I've been urging the folks on the EMERGING (not "emergency") threats.net list to take advantage of the HTTP preprocessor for exactly the reasons you have described. When running the HTTP preproc, which has been enabled by default for a long time, all packets on port 80 and any other ports you specify (yes, PIPI would be nicer) get parsed as HTTP requests and responses. So, using plain old content matches means you are double matching the packets, first to parse HTTP, then to content search. When using the "http_header" content modifier, the content search is restricted to the few bytes parsed as the HTTP header and is therefore much faster and less prone to false positives.

So, when are you going to post the Proventia code for others to review, a luxury you have been graciously guaranteed by the authors of open source software? How about the signatures? I'd love to return the favor you've done the Snort community by providing some constructive criticism for you.

Robert Graham said...

BlackICE/Proventia code is the property of IBM. I do not even have a copy of it. I have not seen it in three years. One of the problems of proprietary code is that when you leave a company, you lose access to all the code you've worked hard on for years. It's a painful experience. It feels like part of your brain is missing. When trying to solve a problem, I know where in the Proventia code I've solved something similar before, but I can't simply go reference it.
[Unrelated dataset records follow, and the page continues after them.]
lemma mult_mat_unit_mult_entry: "(A ** mat_unit k ** B) $ i $ j = A $ i $ k * B $ k $ j"
  unfolding matrix_matrix_mult_def[of "A ** mat_unit k"]
  by (simp add: mult_mat_unit_entry if_distrib[where f = "\<lambda>x. x * _"] cong: if_cong)

lemma all_mult_mat_unit_mult_eq_0_iff:
  fixes A :: "'a::{semiring_1, semiring_no_zero_divisors}^'n^'m"
  assumes "\<forall>k. A $ l $ k \<noteq> 0"
  shows "(\<forall>k. A ** mat_unit k ** Y = 0) \<longleftrightarrow> Y = 0"
proof
  assume "\<forall>k. A ** mat_unit k ** Y = 0"
  then have "A $ l $ k * Y $ k $ j = 0" for k j
    by (metis mult_mat_unit_mult_entry zero_index)
  with assms show "Y = 0"
    by (simp add: vec_eq_iff)
qed simp

lemma lam_int_eq: "lam_int L R k = L + mat_unit k ** (R - L)"
  by (simp add: lam_int_def vec_eq_iff mat_unit_mult_entry)

section \<open>Nilpotent matrices supported on a DAG\<close>

lemma acyclic_relpow_empty:
  fixes E :: "('a::finite \<times> 'a) set"
  assumes acyclic: "acyclic E" and n: "CARD('a) \<le> n"
  shows "E ^^ n = {}"
proof -
  define depth where "depth i = card {a. (a, i) \<in> E\<^sup>+}" for i
  have depth_edge: "depth a < depth b" if "(a, b) \<in> E" for a b
  proof -
    have "{c. (c, a) \<in> E\<^sup>+} \<subseteq> {c. (c, b) \<in> E\<^sup>+}"
      using that by (auto intro: trancl_into_trancl)
    moreover have "a \<in> {c. (c, b) \<in> E\<^sup>+} - {c. (c, a) \<in> E\<^sup>+}"
      using that acyclic by (auto simp: acyclic_def)
    ultimately show ?thesis
      unfolding depth_def by (metis psubset_card_mono finite psubsetI Diff_iff)
  qed
  have depth_relpow: "depth a + m \<le> depth b" if "(a, b) \<in> E ^^ m" for a b m
    using that
  proof (induction m arbitrary: b)
    case (Suc m)
    then obtain c where "(a, c) \<in> E ^^ m" "(c, b) \<in> E"
      by auto
    then show ?case
      using Suc.IH depth_edge by fastforce
  qed simp
  have depth_bound: "depth b < CARD('a)" for b
  proof -
    have "{a. (a, b) \<in> E\<^sup>+} \<subseteq> UNIV - {b}"
      using acyclic by (auto simp: acyclic_def)
    then show ?thesis
      unfolding depth_def by (metis card_Diff1_less card_mono finite finite_UNIV le_less_trans UNIV_I)
  qed
  have "(a, b) \<notin> E ^^ n" for a b
  proof
    assume "(a, b) \<in> E ^^ n"
    then have "depth a + n \<le> depth b"
      by (rule depth_relpow)
    with depth_bound[of b] n show False
      by linarith
  qed
  then show ?thesis
    by auto
qed

fun mat_pow :: "'a::semiring_1^'n^'n \<Rightarrow> nat \<Rightarrow> 'a^'n^'n" where
  "mat_pow L 0 = mat 1"
| "mat_pow L (Suc n) = L ** mat_pow L n"

definition neumann_sum :: "'a::semiring_1^'n^'n \<Rightarrow> 'a^'n^'n" where
  "neumann_sum L = (\<Sum>n<CARD('n). mat_pow L n)"

lemma mat_pow_entry_nonzero_relpow:
  assumes "edge_supported E L" and "mat_pow L n $ i $ j \<noteq> 0"
  shows "(j, i) \<in> E ^^ n"
  using assms(2)
proof (induction n arbitrary: i)
  case 0
  then show ?case
    by (simp add: mat_def split: if_splits)
next
  case (Suc n)
  then obtain m where "L $ i $ m \<noteq> 0" "mat_pow L n $ m $ j \<noteq> 0"
    by (auto elim: matrix_mult_entry_nonzero)
  then show ?case
    using assms(1) Suc.IH unfolding edge_supported_def by auto
qed

lemma mat_pow_eq_0_if_acyclic:
  fixes E :: "('n::finite \<times> 'n) set"
  assumes "acyclic E" "edge_supported E L" "CARD('n) \<le> n"
  shows "mat_pow L n = 0"
  using mat_pow_entry_nonzero_relpow[OF assms(2)] acyclic_relpow_empty[OF assms(1,3)]
  by (auto simp: vec_eq_iff)

lemma one_minus_mult_sum_mat_pow:
  fixes L :: "'a::ring_1^'n^'n"
  shows "(mat 1 - L) ** (\<Sum>n<N. mat_pow L n) = mat 1 - mat_pow L N"
  by (induction N) (simp_all add: matrix_add_ldistrib matrix_diff_rdistrib)

lemma matrix_inv_one_minus_edge_supported:
  fixes E :: "('n::finite \<times> 'n) set" and L :: "real^'n^'n"
  assumes "acyclic E" "edge_supported E L"
  shows "(mat 1 - L) ** neumann_sum L = mat 1"
    and "matrix_inv (mat 1 - L) = neumann_sum L"
proof -
  show "(mat 1 - L) ** neumann_sum L = mat 1"
    unfolding neumann_sum_def one_minus_mult_sum_mat_pow
    using mat_pow_eq_0_if_acyclic[OF assms] by simp
  then show "matrix_inv (mat 1 - L) = neumann_sum L"
    by (rule matrix_inv_eq_right_inverse)
qed

lemma neumann_sum_entry_nonzero_rtrancl:
  assumes "edge_supported E L" and "neumann_sum L $ i $ j \<noteq> 0"
  shows "(j, i) \<in> E\<^sup>*"
proof -
  obtain n where "mat_pow L n $ i $ j \<noteq> 0"
    using assms(2) sum.neutral[of _ "\<lambda>n. mat_pow L n $ i $ j"]
    unfolding neumann_sum_def sum_component by blast
  then show ?thesis
    using mat_pow_entry_nonzero_relpow[OF assms(1)] relpow_imp_rtrancl by blast
qed

section \<open>Kernels and column spaces\<close>

lemma dim_kernel_plus_dim_image:
  fixes f :: "'a::euclidean_space \<Rightarrow> 'b::euclidean_space"
  assumes f: "linear f" and S: "subspace S"
  shows "dim {x\<in>S. f x = 0} + dim (f ` S) = dim S"
proof -
  define K where "K = {x\<in>S. f x = 0}"
  \<comment> \<open>\<open>f\<close> is injective on the orthogonal complement \<open>C\<close> of the kernel
    and maps it onto \<open>f ` S\<close>\<close>
  define C where "C = {y\<in>S. \<forall>x\<in>K. orthogonal x y}"
  have "subspace K"
    unfolding K_def using S f by (auto simp: subspace_def linear_0 linear_add linear_scale)
  have "subspace C"
    using S unfolding C_def subspace_def by (auto simp: orthogonal_clauses)
  have dim_C: "dim C + dim K = dim S"
    using dim_subspace_orthogonal_to_vectors[OF \<open>subspace K\<close> S] unfolding C_def K_def by auto
  have "f ` S \<subseteq> f ` C"
  proof
    fix w assume "w \<in> f ` S"
    then obtain s where s: "s \<in> S" "w = f s" by auto
    obtain y z where yz: "y \<in> span K" "\<And>u. u \<in> span K \<Longrightarrow> orthogonal z u" "s = y + z"
      using orthogonal_subspace_decomp_exists by blast
    have "y \<in> K"
      using yz(1) \<open>subspace K\<close> by (metis span_eq_iff)
    then have "z \<in> C"
      using yz s(1) S unfolding C_def K_def
      by (auto simp: subspace_diff orthogonal_commute span_base dest: subspace_diff[of S s y])
    moreover have "w = f z"
      using s yz(3) \<open>y \<in> K\<close> f unfolding K_def by (simp add: linear_add)
    ultimately show "w \<in> f ` C" by blast
  qed
  moreover have "C \<subseteq> S" unfolding C_def by auto
  ultimately have "f ` S = f ` C" by blast
  moreover have "inj_on f (span C)"
  proof (rule inj_onI)
    fix a b assume ab: "a \<in> span C" "b \<in> span C" "f a = f b"
    then have "a - b \<in> C"
      using \<open>subspace C\<close> by (metis span_eq_iff subspace_diff)
    moreover have "f (a - b) = 0"
      using ab(3) f by (simp add: linear_diff)
    ultimately have "orthogonal (a - b) (a - b)"
      unfolding C_def K_def by auto
    then show "a = b" by (simp add: orthogonal_def)
  qed
  ultimately show ?thesis
    using dim_C dim_image_eq[OF f] unfolding K_def by simp
qed

lemma dim_columns_in_subspaces:
  fixes S :: "'n::finite \<Rightarrow> (real^'m) set"
  assumes S: "\<And>j. subspace (S j)"
  shows "dim {U :: real^'n^'m. \<forall>j. column j U \<in> S j} = (\<Sum>j\<in>UNIV. dim (S j))"
proof -
  define P where
    "P J = {U :: real^'n^'m. \<forall>j. column j U \<in> S j \<and> (j \<notin> J \<longrightarrow> column j U = 0)}" for J
  have column_linear: "linear (column j :: real^'n^'m \<Rightarrow> real^'m)" for j
    by (rule linearI) (simp_all add: column_def vec_eq_iff)
  have P: "subspace (P J)" for J
    unfolding P_def
    by (rule subspaceI)
      (simp_all add: linear_add[OF column_linear] linear_scale[OF column_linear] linear_0[OF column_linear]
        subspace_0[OF S] subspace_add[OF S] subspace_mul[OF S])
  have "dim (P J) = (\<Sum>j\<in>J. dim (S j))" for J
  proof (induction J rule: finite_induct[OF finite])
    case 1
    have "U = 0" if "\<forall>j. column j U = 0" for U :: "real^'n^'m"
      using that by (simp add: column_def vec_eq_iff)
    then have "P {} = {0}"
      unfolding P_def using linear_0[OF column_linear] subspace_0[OF S] by auto
    then show ?case by simp
  next
    case (2 a J)
    have "{U \<in> P (insert a J). column a U = 0} = P J"
      using 2 unfolding P_def by auto
    moreover have "column a ` P (insert a J) = S a"
    proof
      show "S a \<subseteq> column a ` P (insert a J)"
      proof
        fix v assume "v \<in> S a"
        moreover have "column j (\<chi> i j. if j = a then v $ i else 0) = (if j = a then v else 0)" for j
          by (simp add: column_def vec_eq_iff)
        ultimately have "(\<chi> i j. if j = a then v $ i else 0) \<in> P (insert a J)"
          unfolding P_def by (simp add: subspace_0[OF S])
        moreover have "column a (\<chi> i j. if j = a then v $ i else 0) = v"
          by (simp add: column_def vec_eq_iff)
        ultimately show "v \<in> column a ` P (insert a J)"
          by (metis image_eqI)
      qed
    qed (auto simp: P_def)
    ultimately have "dim (P J) + dim (S a) = dim (P (insert a J))"
      using dim_kernel_plus_dim_image[OF column_linear[of a] P[of "insert a J"]] by simp
    then show ?case
      using 2 by simp
  qed
  from this[of UNIV] show ?thesis
    unfolding P_def by simp
qed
Matthew Watchinski said...

Just an FYI, http_inspect hands the detection engine the http_header keyword. This limits the detection to just HTTP headers. While not as cool as http_header.useragent = blah, it anchors matching to just http headers.

Also I've got plenty of sensors running snort doing more than 6Gbps

Richard Bejtlich said...

Hey Robert, thanks for the love. I seem to have forgotten my "rips on BlackICE/Proventia because it's not open source." If you can cite anything, I'd be interested in seeing what I've said.